Repeat only the stretch of lines below that runs from the line with "by (simp add: bij_betw_def)" through the line with "by (auto simp: leaf_slot_def", unaltered.

(Collected data)
----------
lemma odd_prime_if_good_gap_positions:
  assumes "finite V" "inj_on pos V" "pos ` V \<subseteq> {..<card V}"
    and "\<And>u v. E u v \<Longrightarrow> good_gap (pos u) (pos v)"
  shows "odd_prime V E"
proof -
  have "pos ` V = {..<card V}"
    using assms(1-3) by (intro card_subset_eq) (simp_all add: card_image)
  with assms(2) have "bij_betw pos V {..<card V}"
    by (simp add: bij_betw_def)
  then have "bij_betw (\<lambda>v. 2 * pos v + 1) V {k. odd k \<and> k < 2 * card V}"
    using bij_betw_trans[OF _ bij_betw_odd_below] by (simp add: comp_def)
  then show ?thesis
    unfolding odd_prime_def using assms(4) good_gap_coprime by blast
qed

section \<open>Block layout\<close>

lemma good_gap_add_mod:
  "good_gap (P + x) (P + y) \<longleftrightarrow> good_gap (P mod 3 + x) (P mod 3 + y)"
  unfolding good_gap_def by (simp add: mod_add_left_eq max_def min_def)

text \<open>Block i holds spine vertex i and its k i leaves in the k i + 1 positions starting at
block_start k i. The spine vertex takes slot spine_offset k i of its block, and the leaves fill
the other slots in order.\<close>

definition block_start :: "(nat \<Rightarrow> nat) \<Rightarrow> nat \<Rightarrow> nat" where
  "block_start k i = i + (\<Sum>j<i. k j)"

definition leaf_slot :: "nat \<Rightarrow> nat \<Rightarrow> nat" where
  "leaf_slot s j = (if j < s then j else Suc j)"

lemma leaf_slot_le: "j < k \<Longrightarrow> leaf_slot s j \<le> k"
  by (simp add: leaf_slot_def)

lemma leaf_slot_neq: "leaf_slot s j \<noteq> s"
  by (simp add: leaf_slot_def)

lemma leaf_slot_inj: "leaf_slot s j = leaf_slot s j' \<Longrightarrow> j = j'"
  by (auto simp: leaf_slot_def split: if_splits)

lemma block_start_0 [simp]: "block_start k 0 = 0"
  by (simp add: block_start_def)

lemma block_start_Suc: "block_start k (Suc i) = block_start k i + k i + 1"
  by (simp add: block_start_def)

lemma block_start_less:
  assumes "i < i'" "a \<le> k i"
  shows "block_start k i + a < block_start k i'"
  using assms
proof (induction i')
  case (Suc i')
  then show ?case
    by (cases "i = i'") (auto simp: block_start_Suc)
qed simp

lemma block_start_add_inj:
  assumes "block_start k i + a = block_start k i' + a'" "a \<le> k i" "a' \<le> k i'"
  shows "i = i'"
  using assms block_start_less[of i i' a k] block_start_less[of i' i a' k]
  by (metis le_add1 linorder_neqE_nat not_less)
----------
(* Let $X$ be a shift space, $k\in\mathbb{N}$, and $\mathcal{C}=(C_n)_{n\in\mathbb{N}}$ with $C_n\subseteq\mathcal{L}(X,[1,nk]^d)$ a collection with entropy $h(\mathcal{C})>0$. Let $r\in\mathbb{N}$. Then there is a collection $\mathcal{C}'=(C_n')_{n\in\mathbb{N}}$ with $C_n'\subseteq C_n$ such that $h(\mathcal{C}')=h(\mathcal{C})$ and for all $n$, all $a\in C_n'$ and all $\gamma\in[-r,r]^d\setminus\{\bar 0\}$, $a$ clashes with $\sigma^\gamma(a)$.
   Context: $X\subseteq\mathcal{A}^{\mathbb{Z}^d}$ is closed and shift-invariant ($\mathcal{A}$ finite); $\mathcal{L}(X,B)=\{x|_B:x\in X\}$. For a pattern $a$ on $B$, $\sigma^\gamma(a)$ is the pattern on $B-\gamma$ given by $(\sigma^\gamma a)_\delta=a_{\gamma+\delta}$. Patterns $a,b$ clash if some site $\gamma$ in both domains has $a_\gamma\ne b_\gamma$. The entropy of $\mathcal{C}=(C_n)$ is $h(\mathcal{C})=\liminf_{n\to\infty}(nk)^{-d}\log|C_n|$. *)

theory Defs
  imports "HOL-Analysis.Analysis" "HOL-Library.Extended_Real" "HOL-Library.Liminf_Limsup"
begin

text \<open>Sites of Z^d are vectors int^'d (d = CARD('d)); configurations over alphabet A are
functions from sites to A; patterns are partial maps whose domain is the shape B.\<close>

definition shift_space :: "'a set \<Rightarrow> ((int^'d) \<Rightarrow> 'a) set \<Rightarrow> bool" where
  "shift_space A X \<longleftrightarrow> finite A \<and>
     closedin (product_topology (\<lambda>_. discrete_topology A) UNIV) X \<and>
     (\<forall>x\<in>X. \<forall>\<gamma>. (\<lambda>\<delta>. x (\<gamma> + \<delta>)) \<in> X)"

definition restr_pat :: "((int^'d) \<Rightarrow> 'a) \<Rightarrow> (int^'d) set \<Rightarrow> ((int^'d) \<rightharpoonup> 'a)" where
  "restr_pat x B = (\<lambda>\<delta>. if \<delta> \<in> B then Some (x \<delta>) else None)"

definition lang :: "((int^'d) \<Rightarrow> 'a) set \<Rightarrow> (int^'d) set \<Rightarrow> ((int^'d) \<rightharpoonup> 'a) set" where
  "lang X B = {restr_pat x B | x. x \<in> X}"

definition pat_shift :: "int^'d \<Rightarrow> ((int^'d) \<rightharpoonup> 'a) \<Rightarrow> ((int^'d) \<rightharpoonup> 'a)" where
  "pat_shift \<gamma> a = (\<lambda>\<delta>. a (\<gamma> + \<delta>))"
----------
_Answer section_
    by (simp add: bij_betw_def)
  then have "bij_betw (\<lambda>v. 2 * pos v + 1) V {k. odd k \<and> k < 2 * card V}"
    using bij_betw_trans[OF _ bij_betw_odd_below] by (simp add: comp_def)
  then show ?thesis
    unfolding odd_prime_def using assms(4) good_gap_coprime by blast
qed

section \<open>Block layout\<close>

lemma good_gap_add_mod:
  "good_gap (P + x) (P + y) \<longleftrightarrow> good_gap (P mod 3 + x) (P mod 3 + y)"
  unfolding good_gap_def by (simp add: mod_add_left_eq max_def min_def)

text \<open>Block i holds spine vertex i and its k i leaves in the k i + 1 positions starting at
block_start k i. The spine vertex takes slot spine_offset k i of its block, and the leaves fill
the other slots in order.\<close>

definition block_start :: "(nat \<Rightarrow> nat) \<Rightarrow> nat \<Rightarrow> nat" where
  "block_start k i = i + (\<Sum>j<i. k j)"

definition leaf_slot :: "nat \<Rightarrow> nat \<Rightarrow> nat" where
  "leaf_slot s j = (if j < s then j else Suc j)"

lemma leaf_slot_le: "j < k \<Longrightarrow> leaf_slot s j \<le> k"
  by (simp add: leaf_slot_def)

lemma leaf_slot_neq: "leaf_slot s j \<noteq> s"
  by (simp add: leaf_slot_def)

lemma leaf_slot_inj: "leaf_slot s j = leaf_slot s j' \<Longrightarrow> j = j'"
  by (auto simp: leaf_slot_def split: if_splits)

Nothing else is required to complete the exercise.